### Exercise brief
Check each line below for "finally" and say how many have it, with no other words.

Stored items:
┄┄┄┄┄┄

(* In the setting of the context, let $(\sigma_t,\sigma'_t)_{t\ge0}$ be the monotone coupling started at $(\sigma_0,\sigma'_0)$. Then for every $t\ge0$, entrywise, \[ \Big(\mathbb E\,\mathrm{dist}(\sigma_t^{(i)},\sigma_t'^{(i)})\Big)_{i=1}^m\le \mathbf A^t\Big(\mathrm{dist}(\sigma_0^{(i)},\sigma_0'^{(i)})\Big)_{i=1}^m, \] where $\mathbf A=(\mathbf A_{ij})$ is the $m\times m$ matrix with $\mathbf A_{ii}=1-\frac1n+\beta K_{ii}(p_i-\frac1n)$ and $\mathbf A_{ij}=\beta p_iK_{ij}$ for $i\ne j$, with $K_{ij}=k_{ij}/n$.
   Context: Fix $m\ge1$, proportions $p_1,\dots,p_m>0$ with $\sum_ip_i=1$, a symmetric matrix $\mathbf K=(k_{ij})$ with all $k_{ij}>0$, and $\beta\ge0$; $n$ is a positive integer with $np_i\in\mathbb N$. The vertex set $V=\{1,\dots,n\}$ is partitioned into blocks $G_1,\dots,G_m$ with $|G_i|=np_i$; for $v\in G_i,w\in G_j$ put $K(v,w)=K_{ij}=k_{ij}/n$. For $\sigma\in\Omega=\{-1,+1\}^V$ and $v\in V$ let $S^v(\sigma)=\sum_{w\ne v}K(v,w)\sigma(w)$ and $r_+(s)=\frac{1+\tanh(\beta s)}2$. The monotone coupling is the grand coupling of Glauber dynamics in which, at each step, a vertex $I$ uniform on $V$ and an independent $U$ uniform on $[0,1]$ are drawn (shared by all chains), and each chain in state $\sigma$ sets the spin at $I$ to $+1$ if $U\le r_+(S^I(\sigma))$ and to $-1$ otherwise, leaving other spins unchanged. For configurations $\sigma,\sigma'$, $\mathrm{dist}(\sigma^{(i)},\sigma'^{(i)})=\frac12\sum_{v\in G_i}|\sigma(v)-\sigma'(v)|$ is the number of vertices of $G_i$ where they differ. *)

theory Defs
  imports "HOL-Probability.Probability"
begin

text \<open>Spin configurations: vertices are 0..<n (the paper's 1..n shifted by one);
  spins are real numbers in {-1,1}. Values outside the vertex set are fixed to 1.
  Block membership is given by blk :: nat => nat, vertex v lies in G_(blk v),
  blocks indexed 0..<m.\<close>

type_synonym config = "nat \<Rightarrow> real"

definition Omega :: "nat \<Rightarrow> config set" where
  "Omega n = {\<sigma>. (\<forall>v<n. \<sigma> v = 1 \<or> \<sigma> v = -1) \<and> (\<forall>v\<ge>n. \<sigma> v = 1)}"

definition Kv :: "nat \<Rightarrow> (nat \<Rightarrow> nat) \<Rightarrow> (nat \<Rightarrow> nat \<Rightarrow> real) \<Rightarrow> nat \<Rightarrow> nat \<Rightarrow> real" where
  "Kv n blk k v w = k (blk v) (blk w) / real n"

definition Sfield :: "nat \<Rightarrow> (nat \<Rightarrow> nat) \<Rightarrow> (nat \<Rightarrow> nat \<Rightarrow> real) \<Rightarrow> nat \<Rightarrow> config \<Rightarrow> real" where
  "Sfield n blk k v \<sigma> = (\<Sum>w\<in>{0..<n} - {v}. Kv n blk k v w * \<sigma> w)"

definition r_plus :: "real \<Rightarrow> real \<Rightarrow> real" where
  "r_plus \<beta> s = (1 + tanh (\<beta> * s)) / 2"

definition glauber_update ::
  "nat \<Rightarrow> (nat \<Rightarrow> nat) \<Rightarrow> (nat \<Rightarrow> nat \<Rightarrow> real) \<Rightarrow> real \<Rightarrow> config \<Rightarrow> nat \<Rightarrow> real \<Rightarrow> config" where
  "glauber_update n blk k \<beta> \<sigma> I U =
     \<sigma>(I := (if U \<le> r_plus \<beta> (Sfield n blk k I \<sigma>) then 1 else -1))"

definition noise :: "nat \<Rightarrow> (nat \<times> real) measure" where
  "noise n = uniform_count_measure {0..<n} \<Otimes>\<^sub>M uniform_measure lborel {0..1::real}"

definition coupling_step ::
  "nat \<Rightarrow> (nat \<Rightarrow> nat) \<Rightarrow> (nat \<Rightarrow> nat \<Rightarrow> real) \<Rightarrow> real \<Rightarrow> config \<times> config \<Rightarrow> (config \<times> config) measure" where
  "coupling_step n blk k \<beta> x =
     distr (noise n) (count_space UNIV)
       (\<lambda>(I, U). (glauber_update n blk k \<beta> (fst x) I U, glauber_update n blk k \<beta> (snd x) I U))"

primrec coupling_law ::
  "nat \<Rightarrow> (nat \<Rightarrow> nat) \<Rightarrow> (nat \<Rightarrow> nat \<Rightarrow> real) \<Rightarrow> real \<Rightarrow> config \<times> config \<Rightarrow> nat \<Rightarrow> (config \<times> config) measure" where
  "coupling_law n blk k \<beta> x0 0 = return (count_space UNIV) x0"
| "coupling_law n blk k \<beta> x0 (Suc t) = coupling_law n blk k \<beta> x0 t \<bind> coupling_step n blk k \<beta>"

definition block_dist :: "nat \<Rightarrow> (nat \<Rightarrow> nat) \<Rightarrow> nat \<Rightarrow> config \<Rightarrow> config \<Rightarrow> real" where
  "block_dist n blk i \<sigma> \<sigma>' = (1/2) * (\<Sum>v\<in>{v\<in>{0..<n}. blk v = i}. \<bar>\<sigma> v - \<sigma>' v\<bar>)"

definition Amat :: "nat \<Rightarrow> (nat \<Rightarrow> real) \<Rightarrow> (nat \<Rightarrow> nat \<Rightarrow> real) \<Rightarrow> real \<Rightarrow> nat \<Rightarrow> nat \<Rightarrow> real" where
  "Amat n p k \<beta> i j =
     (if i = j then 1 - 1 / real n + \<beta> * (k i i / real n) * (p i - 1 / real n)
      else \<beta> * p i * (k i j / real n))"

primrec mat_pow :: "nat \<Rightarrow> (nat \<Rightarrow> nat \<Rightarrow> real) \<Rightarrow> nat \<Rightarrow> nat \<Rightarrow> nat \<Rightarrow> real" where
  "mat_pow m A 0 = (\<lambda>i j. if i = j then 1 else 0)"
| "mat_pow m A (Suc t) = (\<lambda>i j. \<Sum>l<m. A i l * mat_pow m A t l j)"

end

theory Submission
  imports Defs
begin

┄┄┄┄┄┄

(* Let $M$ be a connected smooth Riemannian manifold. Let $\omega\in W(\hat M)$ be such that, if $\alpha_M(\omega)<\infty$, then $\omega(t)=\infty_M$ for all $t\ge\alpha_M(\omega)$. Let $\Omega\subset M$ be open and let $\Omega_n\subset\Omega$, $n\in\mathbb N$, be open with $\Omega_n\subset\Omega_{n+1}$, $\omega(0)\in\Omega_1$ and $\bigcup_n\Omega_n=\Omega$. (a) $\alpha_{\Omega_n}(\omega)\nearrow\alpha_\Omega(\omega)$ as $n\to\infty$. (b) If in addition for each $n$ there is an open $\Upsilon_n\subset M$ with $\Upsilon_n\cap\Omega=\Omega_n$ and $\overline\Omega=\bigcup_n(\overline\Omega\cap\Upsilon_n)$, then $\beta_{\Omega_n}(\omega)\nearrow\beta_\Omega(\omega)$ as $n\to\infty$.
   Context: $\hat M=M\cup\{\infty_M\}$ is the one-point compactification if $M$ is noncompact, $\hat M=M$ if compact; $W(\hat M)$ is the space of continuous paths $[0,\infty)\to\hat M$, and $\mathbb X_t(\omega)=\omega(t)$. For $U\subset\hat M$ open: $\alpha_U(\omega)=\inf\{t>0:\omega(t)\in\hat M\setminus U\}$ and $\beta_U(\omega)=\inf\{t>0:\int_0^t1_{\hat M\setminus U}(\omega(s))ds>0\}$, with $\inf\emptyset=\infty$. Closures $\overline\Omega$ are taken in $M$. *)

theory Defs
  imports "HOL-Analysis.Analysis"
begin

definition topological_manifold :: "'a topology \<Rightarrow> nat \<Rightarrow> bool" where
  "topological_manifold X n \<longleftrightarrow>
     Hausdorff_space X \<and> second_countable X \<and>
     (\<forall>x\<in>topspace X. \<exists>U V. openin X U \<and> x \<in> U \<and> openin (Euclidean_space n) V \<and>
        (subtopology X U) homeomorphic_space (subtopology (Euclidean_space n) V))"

┄┄┄┄┄┄

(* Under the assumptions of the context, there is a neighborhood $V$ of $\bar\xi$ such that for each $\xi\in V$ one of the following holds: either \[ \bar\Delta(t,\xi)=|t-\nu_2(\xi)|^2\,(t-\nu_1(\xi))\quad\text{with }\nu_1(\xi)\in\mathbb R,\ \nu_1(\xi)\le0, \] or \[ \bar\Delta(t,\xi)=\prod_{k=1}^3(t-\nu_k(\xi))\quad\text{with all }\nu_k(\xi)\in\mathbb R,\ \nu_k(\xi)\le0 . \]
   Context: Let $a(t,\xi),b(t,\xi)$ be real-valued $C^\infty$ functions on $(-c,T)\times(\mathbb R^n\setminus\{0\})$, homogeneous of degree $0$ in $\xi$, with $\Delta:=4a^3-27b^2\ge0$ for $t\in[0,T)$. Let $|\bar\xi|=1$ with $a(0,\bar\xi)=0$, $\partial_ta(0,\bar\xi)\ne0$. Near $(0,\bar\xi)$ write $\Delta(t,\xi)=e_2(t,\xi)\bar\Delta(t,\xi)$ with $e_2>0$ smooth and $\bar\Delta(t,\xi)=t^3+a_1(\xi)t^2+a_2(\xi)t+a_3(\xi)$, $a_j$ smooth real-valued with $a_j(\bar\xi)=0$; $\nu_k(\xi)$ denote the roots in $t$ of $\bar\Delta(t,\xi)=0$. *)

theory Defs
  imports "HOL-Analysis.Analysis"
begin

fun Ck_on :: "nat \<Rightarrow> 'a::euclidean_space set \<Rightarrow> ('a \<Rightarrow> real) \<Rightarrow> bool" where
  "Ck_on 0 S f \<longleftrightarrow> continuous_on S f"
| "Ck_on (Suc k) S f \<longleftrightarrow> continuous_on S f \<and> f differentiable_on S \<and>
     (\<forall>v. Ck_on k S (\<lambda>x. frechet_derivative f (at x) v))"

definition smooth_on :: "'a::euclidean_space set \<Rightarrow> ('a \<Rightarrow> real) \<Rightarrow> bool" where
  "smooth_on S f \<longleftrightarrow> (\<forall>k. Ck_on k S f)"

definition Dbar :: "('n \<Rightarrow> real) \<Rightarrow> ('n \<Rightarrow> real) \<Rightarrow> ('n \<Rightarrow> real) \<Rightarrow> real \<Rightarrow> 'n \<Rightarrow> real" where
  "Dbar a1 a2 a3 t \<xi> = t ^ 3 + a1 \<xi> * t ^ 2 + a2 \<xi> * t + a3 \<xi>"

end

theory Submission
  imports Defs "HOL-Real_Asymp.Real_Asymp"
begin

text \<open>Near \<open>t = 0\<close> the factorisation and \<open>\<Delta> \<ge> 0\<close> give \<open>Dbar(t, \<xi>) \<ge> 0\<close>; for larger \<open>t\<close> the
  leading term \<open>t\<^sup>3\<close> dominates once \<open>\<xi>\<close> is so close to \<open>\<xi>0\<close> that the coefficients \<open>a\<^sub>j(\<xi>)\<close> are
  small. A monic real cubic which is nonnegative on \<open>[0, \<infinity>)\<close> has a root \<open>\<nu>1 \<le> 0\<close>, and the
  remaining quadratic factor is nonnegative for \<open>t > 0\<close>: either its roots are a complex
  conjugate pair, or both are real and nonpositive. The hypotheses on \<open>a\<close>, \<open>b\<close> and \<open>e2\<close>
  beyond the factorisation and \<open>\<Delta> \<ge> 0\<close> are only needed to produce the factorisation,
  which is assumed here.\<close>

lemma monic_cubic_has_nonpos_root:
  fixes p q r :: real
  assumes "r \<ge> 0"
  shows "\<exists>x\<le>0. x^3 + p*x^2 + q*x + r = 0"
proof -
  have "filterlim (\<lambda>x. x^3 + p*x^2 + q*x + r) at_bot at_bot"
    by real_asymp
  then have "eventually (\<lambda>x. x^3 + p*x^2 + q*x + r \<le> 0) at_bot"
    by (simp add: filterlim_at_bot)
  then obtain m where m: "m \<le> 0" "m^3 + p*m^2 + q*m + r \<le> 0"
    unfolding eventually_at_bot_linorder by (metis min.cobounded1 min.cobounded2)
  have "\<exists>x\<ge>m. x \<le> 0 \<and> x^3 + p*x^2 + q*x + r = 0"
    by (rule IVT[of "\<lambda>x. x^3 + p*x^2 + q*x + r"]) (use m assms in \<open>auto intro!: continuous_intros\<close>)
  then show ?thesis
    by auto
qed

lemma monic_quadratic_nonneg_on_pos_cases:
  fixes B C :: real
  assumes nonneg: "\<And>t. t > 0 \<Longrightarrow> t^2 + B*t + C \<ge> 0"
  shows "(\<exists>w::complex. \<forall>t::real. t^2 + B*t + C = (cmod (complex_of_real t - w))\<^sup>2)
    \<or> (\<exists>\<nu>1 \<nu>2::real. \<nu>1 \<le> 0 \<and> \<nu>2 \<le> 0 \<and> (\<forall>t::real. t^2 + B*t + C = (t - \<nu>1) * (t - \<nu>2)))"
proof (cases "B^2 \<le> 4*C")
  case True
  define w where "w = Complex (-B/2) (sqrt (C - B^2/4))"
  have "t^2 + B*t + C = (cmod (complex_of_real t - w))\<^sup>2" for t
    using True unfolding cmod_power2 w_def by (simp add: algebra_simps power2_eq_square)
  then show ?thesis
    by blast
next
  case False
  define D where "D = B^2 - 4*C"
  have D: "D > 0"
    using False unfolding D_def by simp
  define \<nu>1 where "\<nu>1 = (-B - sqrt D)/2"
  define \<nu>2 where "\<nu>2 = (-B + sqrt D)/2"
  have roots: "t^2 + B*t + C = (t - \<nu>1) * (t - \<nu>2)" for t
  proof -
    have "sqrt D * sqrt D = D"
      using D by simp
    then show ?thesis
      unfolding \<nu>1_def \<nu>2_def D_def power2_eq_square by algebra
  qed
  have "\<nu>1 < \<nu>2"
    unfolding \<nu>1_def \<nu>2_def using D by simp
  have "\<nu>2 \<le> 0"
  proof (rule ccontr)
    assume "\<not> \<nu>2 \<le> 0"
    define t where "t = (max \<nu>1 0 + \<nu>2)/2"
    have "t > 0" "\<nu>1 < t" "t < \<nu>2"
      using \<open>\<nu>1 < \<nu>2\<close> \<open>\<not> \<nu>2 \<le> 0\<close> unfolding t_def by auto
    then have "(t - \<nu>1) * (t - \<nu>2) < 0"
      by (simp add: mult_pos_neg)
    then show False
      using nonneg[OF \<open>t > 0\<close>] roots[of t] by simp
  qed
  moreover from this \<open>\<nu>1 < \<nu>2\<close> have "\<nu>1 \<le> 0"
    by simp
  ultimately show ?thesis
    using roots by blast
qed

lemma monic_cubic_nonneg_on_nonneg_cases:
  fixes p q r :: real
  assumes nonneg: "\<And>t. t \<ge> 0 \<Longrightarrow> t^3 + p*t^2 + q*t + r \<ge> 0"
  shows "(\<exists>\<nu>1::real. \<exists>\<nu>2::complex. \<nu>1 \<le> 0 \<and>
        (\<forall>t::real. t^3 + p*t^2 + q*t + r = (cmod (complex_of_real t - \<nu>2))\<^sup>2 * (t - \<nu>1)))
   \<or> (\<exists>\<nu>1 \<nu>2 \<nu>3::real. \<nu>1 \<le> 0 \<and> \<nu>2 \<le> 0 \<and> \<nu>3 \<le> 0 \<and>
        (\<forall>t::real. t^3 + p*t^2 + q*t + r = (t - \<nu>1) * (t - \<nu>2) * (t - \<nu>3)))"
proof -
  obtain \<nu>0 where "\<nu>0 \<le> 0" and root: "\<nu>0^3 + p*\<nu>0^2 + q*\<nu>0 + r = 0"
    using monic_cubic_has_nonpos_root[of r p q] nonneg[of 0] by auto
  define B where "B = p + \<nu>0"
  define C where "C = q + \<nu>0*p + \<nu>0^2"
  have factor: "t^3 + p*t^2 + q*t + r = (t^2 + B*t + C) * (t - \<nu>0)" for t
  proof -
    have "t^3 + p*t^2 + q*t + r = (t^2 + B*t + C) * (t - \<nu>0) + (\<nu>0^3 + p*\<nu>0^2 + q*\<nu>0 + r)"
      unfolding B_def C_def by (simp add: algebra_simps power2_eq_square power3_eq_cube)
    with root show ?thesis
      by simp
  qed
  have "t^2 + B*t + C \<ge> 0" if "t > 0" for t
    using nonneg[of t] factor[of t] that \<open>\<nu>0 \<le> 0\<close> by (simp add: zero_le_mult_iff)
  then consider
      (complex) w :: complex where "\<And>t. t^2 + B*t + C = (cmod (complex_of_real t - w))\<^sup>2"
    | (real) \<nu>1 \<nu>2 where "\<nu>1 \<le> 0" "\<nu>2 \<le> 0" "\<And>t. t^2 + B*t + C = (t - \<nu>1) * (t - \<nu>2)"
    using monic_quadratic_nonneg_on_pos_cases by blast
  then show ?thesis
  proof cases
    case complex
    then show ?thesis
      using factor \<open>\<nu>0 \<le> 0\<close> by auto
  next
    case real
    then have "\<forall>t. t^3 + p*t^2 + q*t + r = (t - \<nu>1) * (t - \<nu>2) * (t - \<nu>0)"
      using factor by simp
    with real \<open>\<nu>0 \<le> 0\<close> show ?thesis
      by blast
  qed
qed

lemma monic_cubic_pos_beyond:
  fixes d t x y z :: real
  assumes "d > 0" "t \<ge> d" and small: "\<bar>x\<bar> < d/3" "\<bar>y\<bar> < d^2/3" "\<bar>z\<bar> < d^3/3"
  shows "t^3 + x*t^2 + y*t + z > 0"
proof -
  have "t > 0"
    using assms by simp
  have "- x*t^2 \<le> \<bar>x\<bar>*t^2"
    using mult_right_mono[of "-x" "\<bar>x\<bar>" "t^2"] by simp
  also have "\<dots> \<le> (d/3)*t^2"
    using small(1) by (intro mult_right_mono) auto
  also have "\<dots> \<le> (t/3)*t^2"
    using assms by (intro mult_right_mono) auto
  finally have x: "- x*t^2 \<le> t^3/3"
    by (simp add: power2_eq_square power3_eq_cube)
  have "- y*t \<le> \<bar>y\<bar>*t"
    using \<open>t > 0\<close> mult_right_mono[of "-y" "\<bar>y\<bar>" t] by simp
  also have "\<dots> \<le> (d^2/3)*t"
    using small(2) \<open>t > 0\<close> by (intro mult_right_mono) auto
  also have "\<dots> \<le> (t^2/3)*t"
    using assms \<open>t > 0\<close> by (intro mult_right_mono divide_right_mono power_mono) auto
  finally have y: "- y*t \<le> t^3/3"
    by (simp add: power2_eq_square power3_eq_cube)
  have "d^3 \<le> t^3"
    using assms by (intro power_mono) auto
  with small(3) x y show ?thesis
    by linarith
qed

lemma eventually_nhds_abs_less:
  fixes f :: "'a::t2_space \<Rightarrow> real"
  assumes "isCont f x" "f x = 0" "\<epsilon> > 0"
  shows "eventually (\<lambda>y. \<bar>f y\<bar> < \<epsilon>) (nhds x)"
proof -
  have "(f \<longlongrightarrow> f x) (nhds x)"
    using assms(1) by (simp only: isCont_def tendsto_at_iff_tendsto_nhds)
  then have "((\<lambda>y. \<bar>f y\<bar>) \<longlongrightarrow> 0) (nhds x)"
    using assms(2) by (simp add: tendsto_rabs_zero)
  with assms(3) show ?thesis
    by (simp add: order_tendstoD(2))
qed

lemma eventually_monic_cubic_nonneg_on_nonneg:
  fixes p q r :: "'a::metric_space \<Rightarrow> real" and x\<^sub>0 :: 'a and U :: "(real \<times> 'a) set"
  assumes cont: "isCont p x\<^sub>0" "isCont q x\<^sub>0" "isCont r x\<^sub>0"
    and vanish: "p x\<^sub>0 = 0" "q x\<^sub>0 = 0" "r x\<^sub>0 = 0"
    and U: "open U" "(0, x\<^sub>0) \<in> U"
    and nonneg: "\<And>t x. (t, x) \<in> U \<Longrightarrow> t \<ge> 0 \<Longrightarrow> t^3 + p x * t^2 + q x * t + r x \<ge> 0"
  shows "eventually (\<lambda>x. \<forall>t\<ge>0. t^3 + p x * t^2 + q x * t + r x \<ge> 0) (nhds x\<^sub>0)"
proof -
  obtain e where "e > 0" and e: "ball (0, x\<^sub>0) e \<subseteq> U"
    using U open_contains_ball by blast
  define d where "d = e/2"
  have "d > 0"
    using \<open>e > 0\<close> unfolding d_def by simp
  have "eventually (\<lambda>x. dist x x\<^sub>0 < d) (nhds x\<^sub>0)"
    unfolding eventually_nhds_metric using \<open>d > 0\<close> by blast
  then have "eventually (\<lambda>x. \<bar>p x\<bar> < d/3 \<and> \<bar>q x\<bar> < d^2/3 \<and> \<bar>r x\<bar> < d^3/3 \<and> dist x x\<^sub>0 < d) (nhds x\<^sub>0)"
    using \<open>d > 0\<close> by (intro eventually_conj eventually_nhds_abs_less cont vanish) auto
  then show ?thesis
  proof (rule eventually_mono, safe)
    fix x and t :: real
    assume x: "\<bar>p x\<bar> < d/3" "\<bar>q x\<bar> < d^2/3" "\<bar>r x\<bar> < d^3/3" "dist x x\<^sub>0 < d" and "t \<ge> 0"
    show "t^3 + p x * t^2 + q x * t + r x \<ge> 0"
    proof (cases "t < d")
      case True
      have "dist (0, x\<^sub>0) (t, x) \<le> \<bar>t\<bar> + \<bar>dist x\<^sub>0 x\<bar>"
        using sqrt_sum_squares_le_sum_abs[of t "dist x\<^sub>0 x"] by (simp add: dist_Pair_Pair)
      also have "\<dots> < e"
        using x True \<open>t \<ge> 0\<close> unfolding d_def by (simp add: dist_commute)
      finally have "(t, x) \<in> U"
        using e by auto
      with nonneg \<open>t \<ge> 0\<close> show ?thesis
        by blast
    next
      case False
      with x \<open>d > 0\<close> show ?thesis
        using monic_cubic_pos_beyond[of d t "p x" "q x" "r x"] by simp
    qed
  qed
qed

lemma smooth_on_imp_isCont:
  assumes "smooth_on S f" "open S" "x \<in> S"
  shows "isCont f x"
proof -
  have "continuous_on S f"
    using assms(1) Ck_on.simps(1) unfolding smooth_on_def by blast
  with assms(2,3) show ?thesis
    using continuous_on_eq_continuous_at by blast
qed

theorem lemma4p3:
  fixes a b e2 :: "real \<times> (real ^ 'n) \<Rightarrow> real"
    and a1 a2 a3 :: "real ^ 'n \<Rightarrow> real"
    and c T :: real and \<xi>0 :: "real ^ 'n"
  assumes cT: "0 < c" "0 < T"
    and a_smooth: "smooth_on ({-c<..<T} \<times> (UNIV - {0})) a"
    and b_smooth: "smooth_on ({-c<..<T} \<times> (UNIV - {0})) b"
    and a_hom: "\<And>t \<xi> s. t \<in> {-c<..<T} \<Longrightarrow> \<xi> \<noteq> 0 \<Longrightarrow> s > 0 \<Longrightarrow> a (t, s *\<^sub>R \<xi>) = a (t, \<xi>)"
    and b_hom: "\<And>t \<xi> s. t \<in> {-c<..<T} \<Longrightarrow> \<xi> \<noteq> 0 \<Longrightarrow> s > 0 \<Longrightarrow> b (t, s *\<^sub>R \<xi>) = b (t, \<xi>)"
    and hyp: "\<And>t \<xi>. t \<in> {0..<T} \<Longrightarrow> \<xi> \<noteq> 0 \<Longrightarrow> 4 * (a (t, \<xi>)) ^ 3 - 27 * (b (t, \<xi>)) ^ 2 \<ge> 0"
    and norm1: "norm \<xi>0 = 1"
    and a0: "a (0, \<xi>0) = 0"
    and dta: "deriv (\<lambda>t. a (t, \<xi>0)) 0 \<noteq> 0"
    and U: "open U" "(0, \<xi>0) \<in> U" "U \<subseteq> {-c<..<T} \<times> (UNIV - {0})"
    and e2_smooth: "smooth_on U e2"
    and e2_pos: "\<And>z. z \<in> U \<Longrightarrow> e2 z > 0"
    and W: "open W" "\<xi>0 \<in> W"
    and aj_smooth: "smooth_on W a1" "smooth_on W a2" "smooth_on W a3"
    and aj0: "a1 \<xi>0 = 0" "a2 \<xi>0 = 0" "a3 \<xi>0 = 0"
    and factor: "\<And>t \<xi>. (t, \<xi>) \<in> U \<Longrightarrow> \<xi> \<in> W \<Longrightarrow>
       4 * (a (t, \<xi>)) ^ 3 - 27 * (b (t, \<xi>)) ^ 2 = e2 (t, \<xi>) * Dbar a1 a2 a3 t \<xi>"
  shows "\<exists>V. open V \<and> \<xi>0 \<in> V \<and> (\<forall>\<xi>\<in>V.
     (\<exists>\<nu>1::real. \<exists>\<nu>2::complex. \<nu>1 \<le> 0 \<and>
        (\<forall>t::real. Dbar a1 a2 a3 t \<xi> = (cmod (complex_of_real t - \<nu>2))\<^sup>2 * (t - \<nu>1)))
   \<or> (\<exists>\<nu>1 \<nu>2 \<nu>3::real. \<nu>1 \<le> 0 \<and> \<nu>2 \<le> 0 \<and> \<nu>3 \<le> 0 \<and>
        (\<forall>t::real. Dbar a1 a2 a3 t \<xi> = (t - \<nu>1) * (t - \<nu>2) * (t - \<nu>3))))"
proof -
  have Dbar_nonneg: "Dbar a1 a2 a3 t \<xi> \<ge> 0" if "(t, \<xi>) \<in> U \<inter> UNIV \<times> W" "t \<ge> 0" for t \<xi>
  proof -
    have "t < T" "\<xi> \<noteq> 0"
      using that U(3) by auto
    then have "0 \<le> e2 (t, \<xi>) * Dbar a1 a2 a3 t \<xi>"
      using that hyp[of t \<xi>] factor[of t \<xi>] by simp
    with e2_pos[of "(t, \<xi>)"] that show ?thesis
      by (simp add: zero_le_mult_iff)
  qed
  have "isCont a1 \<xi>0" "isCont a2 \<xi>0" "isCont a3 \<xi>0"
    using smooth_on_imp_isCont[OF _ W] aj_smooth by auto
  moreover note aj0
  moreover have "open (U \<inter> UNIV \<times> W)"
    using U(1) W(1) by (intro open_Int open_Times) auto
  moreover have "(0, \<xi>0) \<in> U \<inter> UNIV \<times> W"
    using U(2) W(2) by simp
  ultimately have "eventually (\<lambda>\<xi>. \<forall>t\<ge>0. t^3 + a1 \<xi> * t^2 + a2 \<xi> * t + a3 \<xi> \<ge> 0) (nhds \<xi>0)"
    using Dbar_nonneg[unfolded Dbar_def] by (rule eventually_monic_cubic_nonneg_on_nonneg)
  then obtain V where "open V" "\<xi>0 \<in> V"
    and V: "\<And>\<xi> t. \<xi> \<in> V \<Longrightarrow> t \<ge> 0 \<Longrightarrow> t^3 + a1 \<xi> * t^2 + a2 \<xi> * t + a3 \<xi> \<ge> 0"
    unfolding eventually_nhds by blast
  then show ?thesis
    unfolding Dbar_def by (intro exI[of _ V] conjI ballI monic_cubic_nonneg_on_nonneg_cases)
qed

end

┄┄┄┄┄┄

### Answer box
3